Who has the final say for your podcast?

In this miniseries, I'll explore the different labels used to describe podcasters and encourage you to own your label with pride!

An aside before diving in, I never liked the term “procasters” because it made it seem like indie podcasters couldn't be professionals at what they do.

How are independent and corporate podcasters similar

Independent (or “indie”) podcasters and corporate podcasters share the same similarities I shared in my previous episode about hobbyist vs. professional podcasters. Here's that list for your convenience.

  1. Both can have excellence
  2. Both can have passion
  3. Both can have audiences of any size
  4. Both can “PROFIT”

So let's jump to what sets them apart!

What are indie podcasters?

1. Indie podcasters make their own decisions

“The buck stops here” for an indie podcaster! They make their own decisions, big and small. They might involve their cohosts, community, or other collaborators. But everything about their podcast is their own to choose.

2. Indie podcasters are agile

On a whim, indie podcasters can change technology, launch a donation system, create a new product, redesign their branding, and much more. There's no approval process and usually the only delays are in how much time it takes to implement something, or how long it takes for that delivery to arrive.

3. Indie podcasters made the podcasting industry

Don't let anyone mislead you! No broadcast company or executive invented podcasting—it was indies: Dave Winer (who created RSS) and Adam Curry. And the foundations of podcasting are very much “pirate radio.”

4. Indie podcasters are resourceful

Indie podcasters are used to working with what they have or very limited resources.
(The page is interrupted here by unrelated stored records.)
text \<open>An evolution algebra with natural basis indexed by the type 'i (= Lambda)
 over a field 'k. Elements are finitely supported coordinate functions 'i => 'k;
 the element a = sum_i a_i e_i is represented by its coordinate function a.
 The structure matrix is om, with om k i = omega_{ki}, i.e. e_i^2 = sum_k om k i e_k.\<close>

definition evo_carrier :: "('i \<Rightarrow> 'k::zero) set" where
  "evo_carrier = {a. finite {i. a i \<noteq> 0}}"

definition evo_supp :: "('i \<Rightarrow> 'k::zero) \<Rightarrow> 'i set" where
  "evo_supp a = {i. a i \<noteq> 0}"

definition evo_suppS :: "('i \<Rightarrow> 'k::zero) set \<Rightarrow> 'i set" where
  "evo_suppS S = (\<Union>a\<in>S. evo_supp a)"

definition evo_basis :: "'i \<Rightarrow> 'i \<Rightarrow> 'k::{zero,one}" where
  "evo_basis i = (\<lambda>j. if j = i then 1 else 0)"

definition evo_smult :: "'k::times \<Rightarrow> ('i \<Rightarrow> 'k) \<Rightarrow> 'i \<Rightarrow> 'k" where
  "evo_smult c a = (\<lambda>j. c * a j)"

text \<open>Structure matrix of an evolution algebra: each e_i^2 must lie in the algebra,
 i.e. every column of om is finitely supported.\<close>
definition evolution_algebra :: "('i \<Rightarrow> 'i \<Rightarrow> 'k::field) \<Rightarrow> bool" where
  "evolution_algebra om \<longleftrightarrow> (\<forall>i. finite {k. om k i \<noteq> 0})"

definition evo_mult :: "('i \<Rightarrow> 'i \<Rightarrow> 'k::field) \<Rightarrow> ('i \<Rightarrow> 'k) \<Rightarrow> ('i \<Rightarrow> 'k) \<Rightarrow> 'i \<Rightarrow> 'k" where
  "evo_mult om a b = (\<lambda>k. \<Sum>i\<in>evo_supp a \<inter> evo_supp b. a i * b i * om k i)"

definition evo_lin :: "('i \<Rightarrow> 'k::field) set \<Rightarrow> ('i \<Rightarrow> 'k) set" where
  "evo_lin S = {x. \<exists>F c. finite F \<and> F \<subseteq> S \<and> x = (\<Sum>v\<in>F. evo_smult (c v) v)}"

text \<open>Ideal of the (commutative) evolution algebra: a linear subspace absorbing products.\<close>
definition evo_ideal :: "('i \<Rightarrow> 'i \<Rightarrow> 'k::field) \<Rightarrow> ('i \<Rightarrow> 'k) set \<Rightarrow> bool" where
  "evo_ideal om M \<longleftrightarrow> M \<subseteq> evo_carrier \<and> 0 \<in> M
     \<and> (\<forall>x\<in>M. \<forall>y\<in>M. x + y \<in> M)
     \<and> (\<forall>c. \<forall>x\<in>M. evo_smult c x \<in> M)
     \<and> (\<forall>a\<in>evo_carrier. \<forall>x\<in>M. evo_mult om a x \<in> M)"
theorem lemma3p1:
  fixes A :: "'a::{real_inner, complete_space} \<Rightarrow> 'a set"
    and x x' :: "real \<Rightarrow> 'a" and lam :: "real \<Rightarrow> real"
    and \<theta> :: real and p :: nat and z :: 'a
  assumes mm: "maximal_monotone A"
    and nz: "zeros_op A \<noteq> {}"
    and th: "\<theta> > 0"
    and p: "p \<ge> 1"
    and lam_pos: "\<forall>t\<ge>0. lam t > 0"
    and deriv: "\<forall>t\<ge>0. (x has_vector_derivative x' t) (at t within {0..})"
    and ode: "\<forall>t\<ge>0. x' t + x t - resolvent A (lam t) (x t) = 0"
    and alg: "\<forall>t\<ge>0. lam t * norm (resolvent A (lam t) (x t) - x t) ^ (p - 1) = \<theta>"
    and x0: "x 0 \<in> {y. 0 \<notin> A y}"
    and z: "z \<in> zeros_op A"
  shows "\<forall>t\<ge>0. \<exists>D. ((\<lambda>s. (1/2) * (norm (x s - z))\<^sup>2) has_real_derivative D) (at t within {0..})
             \<and> D \<le> - (norm (x t - resolvent A (lam t) (x t)))\<^sup>2"
proof (intro allI impI)
  fix t :: real assume t: "t \<ge> 0"
  have "((\<lambda>s. (1/2) * (norm (x s - z))\<^sup>2) has_real_derivative inner (x t - z) (x' t)) (at t within {0..})"
    using deriv t by (intro has_real_derivative_half_norm_sq) simp
  moreover have "x' t = resolvent A (lam t) (x t) - x t" using ode t by (simp add: algebra_simps)
  ultimately have "((\<lambda>s. (1/2) * (norm (x s - z))\<^sup>2) has_real_derivative
      inner (x t - z) (resolvent A (lam t) (x t) - x t)) (at t within {0..})" by simp
  moreover have "inner (x t - z) (resolvent A (lam t) (x t) - x t) \<le> - (norm (x t - resolvent A (lam t) (x t)))\<^sup>2"
    using inner_resolvent_diff_le[OF mm _ z] lam_pos t by simp
  ultimately show "\<exists>D. ((\<lambda>s. (1/2) * (norm (x s - z))\<^sup>2) has_real_derivative D) (at t within {0..})
      \<and> D \<le> - (norm (x t - resolvent A (lam t) (x t)))\<^sup>2" by blast
qed

end
(* A rational $\mathfrak{sl}(2)$-module is indecomposable as an $\mathfrak{sl}(2)$-module if and only if it is $\mathcal R$-indecomposable. Moreover, every indecomposable rational module is a generalized Casimir module. Hence the classes of indecomposable objects in $\mathcal R$, of $\mathcal R$-indecomposable objects of $\mathcal R$, of $\mathcal{RC}^\bullet$-indecomposable objects of $\mathcal{RC}^\bullet$ and of indecomposable objects of $\mathcal{RC}^\bullet$ all coincide.
   Context: $\mathfrak{sl}(2)$ has basis $L_{-1}=f$, $L_0=-\tfrac12 h$, $L_1=-e$ for a Chevalley basis $e,f,h$. An $\mathfrak{sl}(2)$-module $(V,\rho)$ is a $\mathbb{C}[z]$-module via $z\cdot v=\rho(L_0)v$; it is rational if it is, with this structure, a finite-dimensional $\mathbb{C}(z)$-vector space. $\mathcal R$ is the full subcategory of rational modules. Casimir operator: $C_\rho=\rho(L_0)(\rho(L_0)-1)-\rho(L_{-1})\rho(L_1)$; a module is generalized Casimir (of level $\mu$) if $(C_\rho-\mu)^n=0$ for some $\mu\in\mathbb{C}$, $n\ge1$; $\mathcal{RC}^\bullet$ is the full subcategory of rational generalized Casimir modules. A rational module $W$ is indecomposable if it is nonzero and not a direct sum of two nonzero $\mathfrak{sl}(2)$-submodules, and $\mathcal R$-indecomposable (resp. $\mathcal{RC}^\bullet$-indecomposable) if it is nonzero and not a direct sum of two nonzero rational (resp. rational generalized Casimir) submodules. *)

theory Defs
  imports "HOL-Computational_Algebra.Polynomial"
begin

definition sl2_module ::
  "(complex \<Rightarrow> 'v::ab_group_add \<Rightarrow> 'v) \<Rightarrow> ('v \<Rightarrow> 'v) \<Rightarrow> ('v \<Rightarrow> 'v) \<Rightarrow> ('v \<Rightarrow> 'v) \<Rightarrow> bool" where
  "sl2_module sc e f h \<longleftrightarrow>
     vector_space sc \<and>
     Vector_Spaces.linear sc sc e \<and> Vector_Spaces.linear sc sc f \<and> Vector_Spaces.linear sc sc h \<and>
     (\<forall>v. h (e v) - e (h v) = sc 2 (e v)) \<and>
     (\<forall>v. h (f v) - f (h v) = sc (-2) (f v)) \<and>
     (\<forall>v. e (f v) - f (e v) = h v)"

definition Lm1 :: "('v \<Rightarrow> 'v) \<Rightarrow> 'v \<Rightarrow> 'v" where "Lm1 f = f"
definition L0 :: "(complex \<Rightarrow> 'v \<Rightarrow> 'v) \<Rightarrow> ('v \<Rightarrow> 'v) \<Rightarrow> 'v \<Rightarrow> 'v" where
  "L0 sc h = (\<lambda>v. sc (-1/2) (h v))"
definition L1 :: "('v::ab_group_add \<Rightarrow> 'v) \<Rightarrow> 'v \<Rightarrow> 'v" where "L1 e = (\<lambda>v. - e v)"

definition poly_act ::
  "(complex \<Rightarrow> 'v::ab_group_add \<Rightarrow> 'v) \<Rightarrow> ('v \<Rightarrow> 'v) \<Rightarrow> complex poly \<Rightarrow> 'v \<Rightarrow> 'v" where
  "poly_act sc T p v = (\<Sum>i\<le>degree p. sc (coeff p i) ((T ^^ i) v))"

definition casimir ::
  "(complex \<Rightarrow> 'v::ab_group_add \<Rightarrow> 'v) \<Rightarrow> ('v \<Rightarrow> 'v) \<Rightarrow> ('v \<Rightarrow> 'v) \<Rightarrow> ('v \<Rightarrow> 'v) \<Rightarrow> 'v \<Rightarrow> 'v" where
  "casimir sc e f h = (\<lambda>v. L0 sc h (L0 sc h v - v) - Lm1 f (L1 e v))"

definition sl2_submodule ::
  "(complex \<Rightarrow> 'v::ab_group_add \<Rightarrow> 'v) \<Rightarrow> ('v \<Rightarrow> 'v) \<Rightarrow> ('v \<Rightarrow> 'v) \<Rightarrow> ('v \<Rightarrow> 'v) \<Rightarrow> 'v set \<Rightarrow> bool" where
  "sl2_submodule sc e f h U \<longleftrightarrow>
     module.subspace sc U \<and> e ` U \<subseteq> U \<and> f ` U \<subseteq> U \<and> h ` U \<subseteq> U"

text \<open>Rationality of a submodule U: U is a C[z]-module via z.u = L_0 u. It is a C(z)-vector
  space (i.e. the C[z]-action extends to C(z)) iff every nonzero polynomial acts bijectively
  on U; it is finite-dimensional over C(z) iff there is a finite S \<subseteq> U such that every u \<in> U is
  a C(z)-linear combination of S, i.e. (clearing a common denominator q \<noteq> 0)
  q(L_0) u = \<Sum>s\<in>S. p_s(L_0) s.\<close>

definition rational ::
  "(complex \<Rightarrow> 'v::ab_group_add \<Rightarrow> 'v) \<Rightarrow> ('v \<Rightarrow> 'v) \<Rightarrow> ('v \<Rightarrow> 'v) \<Rightarrow> ('v \<Rightarrow> 'v) \<Rightarrow> 'v set \<Rightarrow> bool" where
  "rational sc e f h U \<longleftrightarrow>
     sl2_submodule sc e f h U \<and>
     (\<forall>p. p \<noteq> 0 \<longrightarrow> bij_betw (poly_act sc (L0 sc h) p) U U) \<and>
     (\<exists>S. finite S \<and> S \<subseteq> U \<and>
        (\<forall>u\<in>U. \<exists>q c. q \<noteq> 0 \<and>
            poly_act sc (L0 sc h) q u = (\<Sum>s\<in>S. poly_act sc (L0 sc h) (c s) s)))"

definition gen_casimir ::
  "(complex \<Rightarrow> 'v::ab_group_add \<Rightarrow> 'v) \<Rightarrow> ('v \<Rightarrow> 'v) \<Rightarrow> ('v \<Rightarrow> 'v) \<Rightarrow> ('v \<Rightarrow> 'v) \<Rightarrow> 'v set \<Rightarrow> bool" where
  "gen_casimir sc e f h U \<longleftrightarrow>
     sl2_submodule sc e f h U \<and>
     (\<exists>\<mu> n. n \<ge> 1 \<and> (\<forall>u\<in>U. ((\<lambda>v. casimir sc e f h v - sc \<mu> v) ^^ n) u = 0))"

definition direct_sum :: "'v::ab_group_add set \<Rightarrow> 'v set \<Rightarrow> 'v set \<Rightarrow> bool" where
  "direct_sum U A B \<longleftrightarrow> U = {a + b | a b. a \<in> A \<and> b \<in> B} \<and> A \<inter> B = {0}"

definition indecomp_wrt ::
  "('v set \<Rightarrow> bool) \<Rightarrow> 'v::ab_group_add set \<Rightarrow> bool" where
  "indecomp_wrt P U \<longleftrightarrow>
     U \<noteq> {0} \<and> \<not> (\<exists>A B. P A \<and> P B \<and> A \<noteq> {0} \<and> B \<noteq> {0} \<and> direct_sum U A B)"

definition indecomposable where
  "indecomposable sc e f h U \<longleftrightarrow> indecomp_wrt (sl2_submodule sc e f h) U"

definition R_indecomposable where
  "R_indecomposable sc e f h U \<longleftrightarrow> indecomp_wrt (rational sc e f h) U"

definition RC_indecomposable where
  "RC_indecomposable sc e f h U \<longleftrightarrow>
     indecomp_wrt (\<lambda>A. rational sc e f h A \<and> gen_casimir sc e f h A) U"

end

theory Submission
  imports Defs "HOL-Computational_Algebra.Computational_Algebra" "HOL-Computational_Algebra.Field_as_Ring"
begin

text \<open>Over the field \<open>\<complex>(z)\<close>, with \<open>z\<close> acting by \<open>L\<^sub>0\<close>, a rational module is finite
  dimensional and the Casimir operator \<open>C\<close> commutes with \<open>L\<^sub>0\<close>, so some nonzero
  \<open>F(z, X) \<in> \<complex>[z][X]\<close> annihilates \<open>C\<close>. On a rational module \<open>e\<close> is injective (below a
  nonzero \<open>v\<close> with \<open>e v = 0\<close> the vectors \<open>f\<^sup>i v\<close> would be independent over \<open>\<complex>[z]\<close>), and
  \<open>e p(L\<^sub>0) = p(L\<^sub>0 + 1) e\<close>. Hence substituting \<open>z - 1\<close> for \<open>z\<close> in the coefficients
  of \<open>F\<close> gives another annihilator; for \<open>F\<close> of minimal degree in \<open>X\<close> this forces the
  coefficients to be proportional, so \<open>C\<close> is annihilated by a polynomial \<open>g(X)\<close> with
  constant coefficients. The kernels of coprime factors of \<open>g\<close> split the module into a
  direct sum of submodules, so on an indecomposable module \<open>C\<close> has a single eigenvalue.
  Finally, the projections of a direct sum decomposition commute with \<open>L\<^sub>0\<close>, so direct
  summands of rational modules are rational, which makes the notions of indecomposability agree.\<close>

lemma exists_nontrivial_relation:
  fixes v :: "'i \<Rightarrow> 'j \<Rightarrow> 'a::idom"
  assumes "finite J" "finite I" "card J < card I"
  shows "\<exists>\<beta>. (\<exists>i\<in>I. \<beta> i \<noteq> 0) \<and> (\<forall>j\<in>J. (\<Sum>i\<in>I. \<beta> i * v i j) = 0)"
  using assms
proof (induction J arbitrary: I v rule: finite_induct)
  case empty
  then show ?case by (intro exI[of _ "\<lambda>_. 1"]) (auto simp: card_gt_0_iff)
next
  case (insert j J I v)
  show ?case
  proof (cases "\<forall>i\<in>I. v i j = 0")
    case True
    with insert show ?thesis by auto
  next
    case False
    then obtain k where k: "k \<in> I" "v k j \<noteq> 0" by auto
    \<comment> \<open>Fraction-free elimination of coordinate \<open>j\<close> by means of row \<open>k\<close>.\<close>
    define I' where "I' = I - {k}"
    define v' where "v' i l = v k j * v i l - v i j * v k l" for i l
    have "finite I'" "card J < card I'"
      using insert k by (auto simp: I'_def)
    from insert.IH[OF this, of v'] obtain \<beta>' where
      \<beta>': "\<exists>i\<in>I'. \<beta>' i \<noteq> 0" "\<forall>l\<in>J. (\<Sum>i\<in>I'. \<beta>' i * v' i l) = 0" by blast
    define \<beta> where "\<beta> i = (if i = k then - (\<Sum>i\<in>I'. \<beta>' i * v i j) else \<beta>' i * v k j)" for i
    have relation: "(\<Sum>i\<in>I. \<beta> i * v i l) = (\<Sum>i\<in>I'. \<beta>' i * v' i l)" for l
    proof -
      have "(\<Sum>i\<in>I. \<beta> i * v i l) = \<beta> k * v k l + (\<Sum>i\<in>I'. \<beta> i * v i l)"
        unfolding I'_def using k insert.prems by (simp add: sum.remove)
      also have "(\<Sum>i\<in>I'. \<beta> i * v i l) = (\<Sum>i\<in>I'. \<beta>' i * v k j * v i l)"
        by (rule sum.cong) (auto simp: \<beta>_def I'_def)
      also have "\<beta> k * v k l = - (\<Sum>i\<in>I'. \<beta>' i * v i j * v k l)"
        by (simp add: \<beta>_def sum_distrib_right)
      finally show ?thesis
        by (simp add: v'_def algebra_simps sum_subtractf[symmetric] sum.distrib[symmetric])
    qed
    from \<beta>'(1) k have "\<exists>i\<in>I. \<beta> i \<noteq> 0"
      by (auto simp: \<beta>_def I'_def)
    moreover have "\<forall>l\<in>insert j J. (\<Sum>i\<in>I. \<beta> i * v i l) = 0"
      using \<beta>'(2) by (auto simp: relation v'_def)
    ultimately show ?thesis by blast
  qed
qed
(* Let $O\rhd c_1$ and $O\rhd c_2$ be P-markings. Then $O\rhd c_1\sim_{C}O\rhd c_2$ if and only if $[O]_\cong\rhd c_1\alpha_O\sim_{AC}[O]_\cong\rhd c_2\alpha_O$.
   Context: Fix a set $Act$ of action labels and an infinite set $\mathcal{E}$ of event names. A finite $Act$-labelled poset (poset for short) is $O=(X_O,\preccurlyeq_O,l_O)$ with $X_O\subseteq\mathcal{E}$ finite, $\preccurlyeq_O$ a partial order on $X_O$, $l_O\colon X_O\to Act$; $|O|=\{(x,l_O(x)):x\in X_O\}$, $x_a$ denotes $(x,a)$, and $O$ is also regarded as a poset on $|O|$. A morphism is an order- and label-preserving map, acting on labelled events by $\sigma(x_a)=\sigma(x)_a$; an isomorphism is a bijective morphism with morphism inverse. For $K\subseteq|O|$, $\max_O K$ is its set of maximal elements; $K$ is down-closed if $y\in K$, $x\preccurlyeq_O y$ imply $x\in K$. A net $N=(S,T,F,l)$: disjoint sets $S,T$, $F\subseteq(S\times T)\cup(T\times S)$, $l\colon T\to Act$, ${}^\bullet t=\{s:(s,t)\in F\}$, $t^\bullet=\{s:(t,s)\in F\}$ nonempty. Fix $N$. A causal marking is a finite set $c$ of pairs $K\vdash s$ ($s\in S$, $K$ finite $\subseteq\mathcal{E}\times Act$); $\mathcal{K}(c)$ is the union of its cause sets, $|c|$ its set of places, $K\vdash m=\{K\vdash s:s\in m\}$, and $c\sigma=\{\sigma(K)\vdash s:K\vdash s\in c\}$. A P-marking $O\rhd c$: every cause set of $c$ is a down-closed subset of $|O|$. $\delta(O,K,e_a)$ (for $K\subseteq|O|$, $e\notin X_O$) is $O$ plus the event $e$ with label $a$ above every element of $K$, reflexively-transitively closed. Concrete causal case graph (CG$_C$): smallest transition relation on P-markings with $O\rhd c\cup c'\xrightarrow{K\vdash e_a}\delta(O,K,e_a)\rhd(\mathcal{K}(c)\cup\{e_a\}\vdash t^\bullet)\cup c'$ whenever $t\in T$, $O\rhd c\cup c'$ is a P-marking, $|c|={}^\bullet t$, $a=l(t)$, $e\in\mathcal{E}\setminus X_O$, $K=\max_O\mathcal{K}(c)$. A concrete causal bisimulation is a family $\{R_O\}$ of relations on P-markings indexed by posets such that: if $(O_1\rhd c_1,O_2\rhd c_2)\in R_O$ then $O_1=O_2=O$; and if $(O\rhd c_1,O\rhd c_2)\in R_O$ and $O\rhd c_1\xrightarrow{K\vdash e_a}O'\rhd c_1'$ then $O\rhd c_2\xrightarrow{K\vdash e_a}O'\rhd c_2'$ for some $c_2'$ with $(O'\rhd c_1',O'\rhd c_2')\in R_{O'}$, and vice versa. $\sim_C$ is the greatest one. Abstract setting: for each poset $O$ fix a canonical representative $[O]_\cong$ of its isomorphism class and an isomorphism $\alpha_O\colon O\to[O]_\cong$; $O$ is abstract if $[O]_\cong=O$, and an abstract P-marking is one whose poset is abstract. For abstract $O$, $K\subseteq|O|$, $a\in Act$: $\delta(O,K,a)=[\delta(O,K,e_a)]_\cong$ (any $e\notin X_O$), $new(O,K,a)$ is the element of $\delta(O,K,a)$ corresponding to the added event and $old(O,K,a)\colon O\to\delta(O,K,a)$ the embedding corresponding to the inclusion of $O$ (fixed choices). For a CG$_C$ transition $O\rhd c\xrightarrow{K\vdash e_a}\delta(O,K,e_a)\rhd c'$, let $c'_{O,K,e_a}$ be $c'$ renamed by the isomorphism $\delta(O,K,e_a)\to\delta([O]_\cong,\alpha_O(K),a)$ sending $x\in X_O$ to $old([O]_\cong,\alpha_O(K),a)(\alpha_O(x))$ and $e_a$ to $new([O]_\cong,\alpha_O(K),a)$. The abstract causal case graph (CG$_{AC}$) has a transition $[O]_\cong\rhd c\alpha_O\stackrel{\alpha_O(K)\vdash a}{\Longrightarrow}\delta([O]_\cong,\alpha_O(K),a)\rhd c'_{O,K,e_a}$ for each such CG$_C$ transition. An abstract causal bisimulation is a family $\{R_O\}$ indexed by abstract posets of relations on abstract P-markings such that: $(O_1\rhd c_1,O_2\rhd c_2)\in R_O$ implies $O_1=O_2=O$; and if $(O\rhd c_1,O\rhd c_2)\in R_O$ and $O\rhd c_1\stackrel{K\vdash a}{\Longrightarrow}O'\rhd c_1'$ then $O\rhd c_2\stackrel{K\vdash a}{\Longrightarrow}O'\rhd c_2'$ with $(O'\rhd c_1',O'\rhd c_2')\in R_{O'}$, and vice versa. $\sim_{AC}$ is the greatest one. *)

theory Defs
  imports Main
begin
They're well-acquainted with recording in a closet or under a blanket, using pantyhose for a pop filter, or hacking things together.

5. Indie podcasters are the majority

Of the nearly 1.1 million podcasts at this time, I estimate there are only a couple or few thousand podcasts (under 1%) are hosted by corporate podcasters. The rest are the indies!

6. Indie podcasters reach the niches

There's almost no niche too small! You can find a podcast on almost anything and usually hosted by people passionate about and highly experienced in those topics.

7. Indie podcasters want (and deserve) to be involved in the podcasting industry

No matter the direction the industry goes, I think no one cares more about it than the independent podcasters. Sometimes, it even seems like podcasting is a way of life to an indie.

If you're an independent podcaster, please get involved in The Podcast Academy to ensure the indie majority is represented.

What are corporate podcasters?

1. Corporate podcasters are subject to external oversight

“Design by committee” is a phrase that makes almost any designer cringe. Corporate podcasters have committees, executives, corporate interests, sponsors, and even legal regulations often dictating what can and can't be done.

2. Corporate podcasters move slowly and deliberately

The oversight in corporate podcasting slows things down. But this isn't necessarily a bad thing. This slow and intentional movement often results in a more successful product and launch.

3. Corporate podcasters brought the podcasting industry mainstream

Podcasts would not be anywhere near as popular as they are now if it wasn't for corporate podcasters. They brought and continue to bring mainstream attention and large audiences to podcasts.

4. Corporate podcasters have powerful leverage

Because of the much larger audiences and bigger relationships corporate podcasters have, they can move things in much bigger ways than indies can. This could mean bringing major brands to podcasting (through content or sponsorship), inspiring majority actions in the audience, and more.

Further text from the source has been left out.